A physical chemist with an interest in energy and environmental impact issues will tell you that it is always important to do a "dawn to dust" analysis of a proposed product or process.

Two processes are mentioned here -- conversion of carbon dioxide to calcium carbonate, or to sodium carbonate/bicarbonate.

For the calcium process firstly. Calcium carbonate is a very useful material. It is usually obtained by quarrying limestone, and it may possibly be cheaper in both energy and money terms to use a process like the one outlined here than to continue quarrying ... BUT ... as I understand it calcium carbonate is used mostly in the preparation of two other materials -- portland cement for concrete, and quicklime for a variety of purposes in construction, gardening/agriculture , and manufacturing industries. And the preparation of either of these products. unfortunately, involves the release of the same amount of carbon dioxide as the process has just sequestered! Oh, and quicklime is also needed for the initial sequestration of carbon dioxide in this process anyway.

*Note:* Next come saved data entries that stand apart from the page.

lemma nu_density_measurable:
  fixes \<phi> :: "real \<Rightarrow> real"
  assumes "continuous_on {0..} \<phi>"
  shows "(\<lambda>x. indicator {0..} x * ennreal (\<phi> x)) \<in> borel_measurable borel"
proof -
  have eq: "(\<lambda>x. indicator {0..} x * ennreal (\<phi> x))
      = (\<lambda>x. indicator {0..} x * ennreal (\<phi> (max 0 x)))"
    by (rule ext) (auto simp: indicator_def max_def)
  have "continuous_on UNIV (\<lambda>x::real. \<phi> (max 0 x))"
    by (rule continuous_on_compose2[OF assms]) (auto intro!: continuous_intros)
  hence "(\<lambda>x::real. \<phi> (max 0 x)) \<in> borel_measurable borel"
    by (rule borel_measurable_continuous_onI)
  thus ?thesis unfolding eq by measurable
qed

lemma emeasure_nu_le_bound:
  fixes \<phi> :: "real \<Rightarrow> real"
  assumes "continuous_on {0..} \<phi>"
    and S: "S \<in> sets borel" "S \<subseteq> {u..v}" and "u \<le> v"
    and M: "\<And>x. x \<in> S \<Longrightarrow> 0 \<le> x \<Longrightarrow> \<phi> x \<le> M" "0 \<le> M"
  shows "emeasure (nu \<phi>) S \<le> ennreal (M * (v - u))"
proof -
  have "emeasure (nu \<phi>) S = (\<integral>\<^sup>+x. indicator {0..} x * ennreal (\<phi> x) * indicator S x \<partial>lborel)"
    unfolding nu_def using S nu_density_measurable[OF assms(1)]
    by (subst emeasure_density) auto
  also have "\<dots> \<le> (\<integral>\<^sup>+x. ennreal M * indicator {u..v} x \<partial>lborel)"
    using M S by (intro nn_integral_mono) (auto simp: indicator_def intro!: ennreal_leI)
  also have "\<dots> = ennreal (M * (v - u))"
    using M \<open>u \<le> v\<close> by (simp add: nn_integral_cmult_indicator ennreal_mult)
  finally show ?thesis .
qed

lemma emeasure_nu_bounded_finite:
  fixes \<phi> :: "real \<Rightarrow> real"
  assumes cont: "continuous_on {0..} \<phi>" and "S \<in> sets borel" "S \<subseteq> {u..v}"
  shows "emeasure (nu \<phi>) S < \<infinity>"
proof -
  have "continuous_on {max 0 u..max 0 v} \<phi>"
    by (rule continuous_on_subset[OF cont]) auto
  hence "bounded (\<phi> ` {max 0 u..max 0 v})"
    by (intro compact_imp_bounded compact_continuous_image) auto
  then obtain M where M: "\<And>x. x \<in> {max 0 u..max 0 v} \<Longrightarrow> \<bar>\<phi> x\<bar> \<le> M"
    unfolding bounded_iff by fastforce
  show ?thesis
  proof (cases "u \<le> v")
    case True
    have "emeasure (nu \<phi>) S \<le> ennreal (max 0 M * (v - u))"
    proof (rule emeasure_nu_le_bound[OF cont assms(2,3) True])
      fix x assume "x \<in> S" "0 \<le> x"
      with assms(3) M[of x] show "\<phi> x \<le> max 0 M" by auto
    qed auto
    thus ?thesis using le_less_trans by fastforce
  next
    case False
    with assms(3) show ?thesis by simp
  qed
qed

lemma emeasure_nu_atLeastLessThan:
  fixes \<phi> :: "real \<Rightarrow> real"
  assumes "continuous_on {0..} \<phi>"
  shows "emeasure (nu \<phi>) {r..<s} = ennreal (measure (nu \<phi>) {r..<s})"
proof -
  have "emeasure (nu \<phi>) {r..<s} < \<infinity>"
    by (rule emeasure_nu_bounded_finite[OF assms, of _ r s]) auto
  thus ?thesis by (simp add: emeasure_eq_ennreal_measure)
qed

lemma emeasure_nu_near_point_le:
  fixes \<phi> :: "real \<Rightarrow> real"
  assumes cont: "continuous_on {0..} \<phi>" and "0 \<le> a" "0 \<le> \<phi> a" "0 < e"
  shows "\<forall>\<^sub>F t in at_right 0. \<forall>u S. S \<in> sets borel \<longrightarrow> S \<subseteq> {u..u + t} \<longrightarrow> a \<in> {u..u + t}
           \<longrightarrow> emeasure (nu \<phi>) S \<le> ennreal ((\<phi> a + e) * t)"
proof -
  obtain d where "d > 0" and d: "\<And>x. 0 \<le> x \<Longrightarrow> \<bar>x - a\<bar> < d \<Longrightarrow> \<bar>\<phi> x - \<phi> a\<bar> < e"
    using cont assms unfolding continuous_on_iff dist_real_def by (metis atLeast_iff)
  show ?thesis
    unfolding eventually_at_right_field
  proof (intro exI[of _ d] conjI allI impI \<open>d > 0\<close>)
    fix t u :: real and S assume "0 < t" "t < d" and S: "S \<in> sets borel" "S \<subseteq> {u..u + t}"
      and "a \<in> {u..u + t}"
    have "emeasure (nu \<phi>) S \<le> ennreal ((\<phi> a + e) * (u + t - u))"
    proof (rule emeasure_nu_le_bound[OF cont S])
      fix x assume "x \<in> S" "0 \<le> x"
      with S have "x \<in> {u..u + t}" by auto
      with \<open>a \<in> {u..u + t}\<close> \<open>t < d\<close> have "\<bar>x - a\<bar> < d" by auto
      with d[OF \<open>0 \<le> x\<close>] show "\<phi> x \<le> \<phi> a + e" by linarith
    qed (use assms \<open>0 < t\<close> in auto)
    thus "emeasure (nu \<phi>) S \<le> ennreal ((\<phi> a + e) * t)" by simp
  qed
qed
lemma nowhere_dense_small_blocks:
  assumes "infinite X" "infinite (- X)"
  shows "nowhere_dense {r. \<forall>p\<ge>N. \<forall>q.
    \<bar>\<Sum>i\<in>{p..<q}. if i \<in> X then real_of_rat (along (binary_digit r) alt_harm i) else 0\<bar> < 1/2}"
proof -
  let ?s = "\<lambda>k. real_of_rat (alt_harm k)"
  let ?P = "\<lambda>d. \<forall>p\<ge>N. \<forall>q. \<bar>\<Sum>i\<in>{p..<q}. if i \<in> X then along d ?s i else 0\<bar> < 1/2"
  have "nowhere_dense {r. ?P (binary_digit r)}"
  proof (rule nowhere_dense_by_digit_extension)
    fix b :: "nat \<Rightarrow> bool" and m
    let ?p = "max (Suc m) N"
    obtain K where K: "1/2 \<le> (\<Sum>k\<in>{num_true b ?p..<num_true b ?p + K}. max 0 (?s k))"
      using alt_harm_positive_block by blast
    obtain c q where c: "\<forall>j<?p. c j = b j"
      and block: "(\<Sum>i\<in>{?p..<q}. if i \<in> X then along c ?s i else 0) =
        (\<Sum>k\<in>{num_true b ?p..<num_true b ?p + K}. max 0 (?s k))"
      using extend_positive_block[OF assms, of ?p b K ?s] by blast
    have "\<not> ?P d" if "\<forall>j\<le>q. d j = c j" for d
    proof -
      let ?block = "\<Sum>i\<in>{?p..<q}. if i \<in> X then along d ?s i else 0"
      have "?block = (\<Sum>i\<in>{?p..<q}. if i \<in> X then along c ?s i else 0)"
        using that by (intro sum.cong refl) (auto intro!: along_cong)
      with block K have "1/2 \<le> \<bar>?block\<bar>"
        by linarith
      moreover have "?P d \<Longrightarrow> \<bar>?block\<bar> < 1/2"
        by simp
      ultimately show ?thesis
        by (meson not_le)
    qed
    moreover have "\<forall>j\<le>m. c j = b j"
      using c by simp
    ultimately show "\<exists>c M. (\<forall>j\<le>m. c j = b j) \<and> (\<forall>d. (\<forall>j\<le>M. d j = c j) \<longrightarrow> \<not> ?P d)"
      by blast
  qed
  then show ?thesis
    by (simp only: of_rat_along)
qed
(* Let $n\ge2$. For all $x,y\in\mathbb{H}^n$, $$\tfrac14\rho_{\mathbb{H}^n}(x,y)\le\tilde\tau_{\mathbb{H}^n}(x,y)\le\rho_{\mathbb{H}^n}(x,y)\quad\text{and}\quad \tilde\tau_{\mathbb{H}^n}(x,y)\le\tfrac12\rho_{\mathbb{H}^n}(x,y)+\log\tfrac54,$$ and all these inequalities are sharp: $$\inf_{x\ne y}\frac{\tilde\tau_{\mathbb{H}^n}(x,y)}{\rho_{\mathbb{H}^n}(x,y)}=\tfrac14,\qquad \sup_{x\ne y}\frac{\tilde\tau_{\mathbb{H}^n}(x,y)}{\rho_{\mathbb{H}^n}(x,y)}=1,$$ and equality $\tilde\tau_{\mathbb{H}^n}(x,y)=\tfrac12\rho_{\mathbb{H}^n}(x,y)+\log\tfrac54$ holds for $x=2e_n$, $y=\tfrac12e_n$.
   Context: $\mathbb{H}^n=\{(x_1,\dots,x_n)\in\mathbb{R}^n:x_n>0\}$ with boundary $\{x_n=0\}$ in $\mathbb{R}^n$; $e_n$ is the $n$-th standard basis vector. The hyperbolic metric $\rho_{\mathbb{H}^n}$ is given by $\cosh\rho_{\mathbb{H}^n}(x,y)=1+\frac{|x-y|^2}{2x_ny_n}$. For a proper subdomain $D\subsetneq\mathbb{R}^n$ and $x,y\in D$, $\tilde\tau_D(x,y)=\log\big(1+\sup_{p\in\partial D}\frac{|x-y|}{\sqrt{|x-p||y-p|}}\big)$ (the scale invariant Cassinian metric). *)

theory Defs
  imports "HOL-Analysis.Analysis"
begin

text \<open>Upper half-space of real^'n with respect to a distinguished coordinate k
 (playing the role of the n-th coordinate x_n).\<close>
definition upper_half :: "'n::finite \<Rightarrow> (real^'n) set" where
  "upper_half k = {x. x $ k > 0}"

definition hyp_dist :: "'n::finite \<Rightarrow> real^'n \<Rightarrow> real^'n \<Rightarrow> real" where
  "hyp_dist k x y = arcosh (1 + (norm (x - y))^2 / (2 * (x $ k) * (y $ k)))"

definition cassinian_si :: "(real^'n) set \<Rightarrow> real^'n \<Rightarrow> real^'n \<Rightarrow> real" where
  "cassinian_si D x y =
     ln (1 + (SUP p\<in>frontier D. dist x y / sqrt (dist x p * dist y p)))"

end

theory Submission
  imports Defs "HOL-Real_Asymp.Real_Asymp"
begin

text \<open>
  Put \<open>u = \<bar>x - y\<bar> / \<surd>(x\<^sub>n y\<^sub>n)\<close>, so that \<open>\<rho>(x, y) = 2 arsinh (u / 2)\<close>. Every boundary point \<open>p\<close>
  satisfies \<open>\<bar>x - p\<bar> \<ge> x\<^sub>n\<close>, so the supremum \<open>s\<close> in the Cassinian metric is at most \<open>u\<close>; evaluating
  at the foot of the lower of the two points gives \<open>1 + u \<le> (1 + s)\<^sup>2\<close>. Hence
  \<open>\<tau>(x, y) = log (1 + s)\<close> lies between \<open>log (1 + u) / 2\<close> and \<open>log (1 + u)\<close>, and the three
  inequalities reduce to \<open>\<rho>/2 \<le> log (1 + u) \<le> \<rho>\<close> and \<open>log (1 + u) \<le> \<rho>/2 + log (5/4)\<close>.
  For two points on the vertical line through the origin the supremum is attained at the origin,
  so \<open>\<tau> = log (1 + u)\<close>: this gives the equality case and the ratio \<open>1\<close> as the points merge. For two
  points at height 1 and distance \<open>s\<close> every boundary point is at distance \<open>\<ge> s/2\<close> from one of
  them, so \<open>\<tau> \<le> log (1 + \<surd>(2s))\<close> while \<open>\<rho> \<sim> 2 log s\<close>, giving the ratio \<open>1/4\<close> as \<open>s \<rightarrow> \<infinity>\<close>.
\<close>

section \<open>Inequalities for the inverse hyperbolic sine\<close>

lemma arcosh_one_plus_two_square:
  fixes s :: real
  assumes "0 \<le> s"
  shows "arcosh (1 + 2 * s\<^sup>2) = 2 * arsinh s"
proof -
  have "cosh (2 * arsinh s) = 1 + 2 * s\<^sup>2"
    by (simp add: cosh_double_cosh cosh_arsinh_real)
  moreover have "0 \<le> arsinh s"
    using assms arsinh_real_neg_iff[of s] by linarith
  ultimately show ?thesis
    using arcosh_cosh_real[of "2 * arsinh s"] by simp
qed

lemma arsinh_half_le_ln_one_plus:
  fixes u :: real
  assumes "0 \<le> u"
  shows "arsinh (u / 2) \<le> ln (1 + u)"
proof -
  have "sqrt ((u / 2)\<^sup>2 + 1) \<le> u / 2 + 1"
    using assms by (intro real_le_lsqrt) (simp_all add: power2_eq_square algebra_simps)
  then show ?thesis
    unfolding arsinh_real_def using arsinh_real_aux[of "u / 2"] by (intro ln_mono) auto
qed

lemma ln_one_plus_le_two_arsinh_half:
  fixes u :: real
  assumes "0 \<le> u"
  shows "ln (1 + u) \<le> 2 * arsinh (u / 2)"
proof -
  define W where "W = u / 2 + sqrt ((u / 2)\<^sup>2 + 1)"
  have "1 + u \<le> (1 + u / 2)\<^sup>2"
    using zero_le_power2[of "u / 2"] by (simp add: power2_eq_square algebra_simps)
  also have "\<dots> \<le> W\<^sup>2"
    using assms by (intro power_mono) (simp_all add: W_def)
  finally have "ln (1 + u) \<le> ln (W\<^sup>2)"
    using assms by (intro ln_mono) auto
  also have "\<dots> = 2 * arsinh (u / 2)"
    using arsinh_real_aux[of "u / 2"] unfolding W_def arsinh_real_def by (subst ln_realpow) auto
  finally show ?thesis .
qed

lemma ln_one_plus_le_arsinh_half_add:
  fixes u :: real
  assumes "0 \<le> u"
  shows "ln (1 + u) \<le> arsinh (u / 2) + ln (5 / 4)"
proof -
  have "(1 + 3 / 8 * u)\<^sup>2 \<le> (5 / 4)\<^sup>2 * ((u / 2)\<^sup>2 + 1)"
    using zero_le_power2[of "u / 2 - 3 / 4"] by (simp add: power2_eq_square algebra_simps)
  then have "1 + 3 / 8 * u \<le> sqrt ((5 / 4)\<^sup>2 * ((u / 2)\<^sup>2 + 1))"
    by (rule real_le_rsqrt)
  then have "1 + u \<le> 5 / 4 * (u / 2 + sqrt ((u / 2)\<^sup>2 + 1))"
    by (simp add: real_sqrt_mult)
  then have "ln (1 + u) \<le> ln (5 / 4 * (u / 2 + sqrt ((u / 2)\<^sup>2 + 1)))"
    using assms by (intro ln_mono) auto
  also have "\<dots> = ln (5 / 4) + arsinh (u / 2)"
    unfolding arsinh_real_def using arsinh_real_aux[of "u / 2"] by (subst ln_mult) auto
  finally show ?thesis by linarith
qed

lemma arsinh_three_quarters: "arsinh (3 / 4 :: real) = ln 2"
proof -
  have "sqrt ((3 / 4)\<^sup>2 + 1) = (5 / 4 :: real)"
    by (rule real_sqrt_unique) (simp_all add: power2_eq_square)
  then show ?thesis by (simp add: arsinh_real_def)
qed

section \<open>Geometry of the upper half-space\<close>

lemma frontier_upper_half: "frontier (upper_half k) = {x :: real^'n. x $ k = 0}"
proof -
  have "upper_half k = {x :: real^'n. axis k 1 \<bullet> x > 0}"
    and "{x :: real^'n. axis k 1 \<bullet> x = 0} = {x. x $ k = 0}"
    by (simp_all add: upper_half_def inner_axis')
  then show ?thesis
    using frontier_halfspace_gt[of "axis k (1::real)" 0] by simp
qed

lemma zero_in_frontier_upper_half: "0 \<in> frontier (upper_half k)"
  by (simp add: frontier_upper_half)

lemma abs_component_le_dist_frontier_upper_half:
  assumes "p \<in> frontier (upper_half k)"
  shows "\<bar>x $ k\<bar> \<le> dist x p"
  using component_le_norm_cart[of "x - p" k] assms by (simp add: frontier_upper_half dist_norm)

lemma norm_axis_real: "norm (axis k a) = \<bar>a :: real\<bar>"
proof -
  have "axis k a = a *\<^sub>R axis k (1::real)"
    by (simp add: axis_def vec_eq_iff)
  then show ?thesis by simp
qed

lemma dist_axis_axis: "dist (axis k a) (axis k b) = \<bar>a - b :: real\<bar>"
proof -
  have "axis k a - axis k b = axis k (a - b)"
    by (simp add: axis_def vec_eq_iff)
  then show ?thesis by (simp add: dist_norm norm_axis_real)
qed

definition hyp_quotient :: "'n::finite \<Rightarrow> real^'n \<Rightarrow> real^'n \<Rightarrow> real" where
  "hyp_quotient k x y = dist x y / sqrt (x $ k * y $ k)"

lemma hyp_quotient_commute: "hyp_quotient k x y = hyp_quotient k y x"
  by (simp add: hyp_quotient_def dist_commute mult.commute)

lemma hyp_quotient_nonneg:
  "x \<in> upper_half k \<Longrightarrow> y \<in> upper_half k \<Longrightarrow> 0 \<le> hyp_quotient k x y"
  by (simp add: hyp_quotient_def upper_half_def)

lemma hyp_dist_eq_arsinh:
  assumes "x \<in> upper_half k" "y \<in> upper_half k"
  shows "hyp_dist k x y = 2 * arsinh (hyp_quotient k x y / 2)"
proof -
  have "(norm (x - y))\<^sup>2 / (2 * x $ k * y $ k) = 2 * (hyp_quotient k x y / 2)\<^sup>2"
    using assms by (simp add: upper_half_def hyp_quotient_def dist_norm power_divide)
  then show ?thesis
    using arcosh_one_plus_two_square[of "hyp_quotient k x y / 2"] hyp_quotient_nonneg[OF assms]
    by (simp add: hyp_dist_def)
qed

lemma hyp_dist_pos:
  assumes "x \<in> upper_half k" "y \<in> upper_half k" "x \<noteq> y"
  shows "0 < hyp_dist k x y"
  using assms by (simp add: hyp_dist_eq_arsinh hyp_quotient_def upper_half_def)


section \<open>The Cassinian metric of the upper half-space\<close>

definition cassinian_sup :: "(real^'n) set \<Rightarrow> real^'n \<Rightarrow> real^'n \<Rightarrow> real" where
  "cassinian_sup D x y = (SUP p\<in>frontier D. dist x y / sqrt (dist x p * dist y p))"

lemma cassinian_si_eq_ln_cassinian_sup: "cassinian_si D x y = ln (1 + cassinian_sup D x y)"
  by (simp add: cassinian_si_def cassinian_sup_def)

lemma cassinian_sup_commute: "cassinian_sup D x y = cassinian_sup D y x"
  by (simp add: cassinian_sup_def dist_commute mult.commute)

lemma cassinian_quotient_le_hyp_quotient:
  assumes x: "x \<in> upper_half k" and y: "y \<in> upper_half k" and p: "p \<in> frontier (upper_half k)"
  shows "dist x y / sqrt (dist x p * dist y p) \<le> hyp_quotient k x y"
proof -
  have pos: "0 < x $ k * y $ k"
    using x y by (simp add: upper_half_def)
  have "x $ k * y $ k \<le> dist x p * dist y p"
    using abs_component_le_dist_frontier_upper_half[OF p, of x]
      abs_component_le_dist_frontier_upper_half[OF p, of y] x y
    by (intro mult_mono) (auto simp: upper_half_def)
  with pos show ?thesis
    unfolding hyp_quotient_def by (intro divide_left_mono) auto
qed

lemma cassinian_sup_upper_half_le_hyp_quotient:
  assumes "x \<in> upper_half k" "y \<in> upper_half k"
  shows "cassinian_sup (upper_half k) x y \<le> hyp_quotient k x y"
  unfolding cassinian_sup_def
  using cassinian_quotient_le_hyp_quotient[OF assms] zero_in_frontier_upper_half
  by (intro cSUP_least) auto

Conversion of carbon dioxide to sodium carbonate and/or bicarbonate is much more complicated. The process suggested in the interview is firstly to obtain caustic soda by the electrolysis of concentrated brines (chloralkali process), and then to use the caustic soda to sequester the carbon dioxide. The electricity is probably produced via fossil fuel combustion, but a 50%-ish net gain is suggested in the interview. The amount of CO2 produced in generating the necessary electricity is only about  half of the amount sequestered in the process.

Sodium carbonate and bicarbonate are useful materials, but I suspect lower volume materials than calcium carbonate. I know about their household uses in washing soda and baking soda, but can anyone fill me in on their industrial uses? And, in their normal mode of use, is the carbon dioxide likely to remain sequestered, or to be released back to the atmosphere?

There also seems to be a problem inherent in the chloralkali process. In one way it is a valuable process because it generates two very useful materials -- caustic soda, and chlorine gas. But I remember a discussion a few years ago when someone told me that Australia's last chloralkali plant had just closed down, and that we imported nearly all of our caustic soda from Asia. When a process generates two valuable products, there is an economic difficulty with how to price each of them -- how to apportion the proceeds of the operation between the two saleable products. A great imbalance had occurred at least in Australia. The nation was addicted to aluminium production, which consumes large amounts of caustic soda (as well as energy) and it was no longer making PVC (a consumer of chlorine gas) on shore. Not only that, but use of chlorine in bleaches and disinfectants, and use of organochlorine compounds as solvents and cleaning agents had also become much more restricted because of a greater recognition of their safety and environmental issues. So, of the two products, the caustic soda was in huge demand, while there was a greatly reduced demand for the chlorine gas which was always produced in equivalent amounts as a co-product, and was nasty and dangerous stuff in its own right!

The processes suggested and developed by Skyonic -- very successfully, if the interview is to be believed -- might certainly fit a niche opportunity in a local market, But I greatly doubt that they can contribute much, if at all, to any global strategy for CO2 sequestration.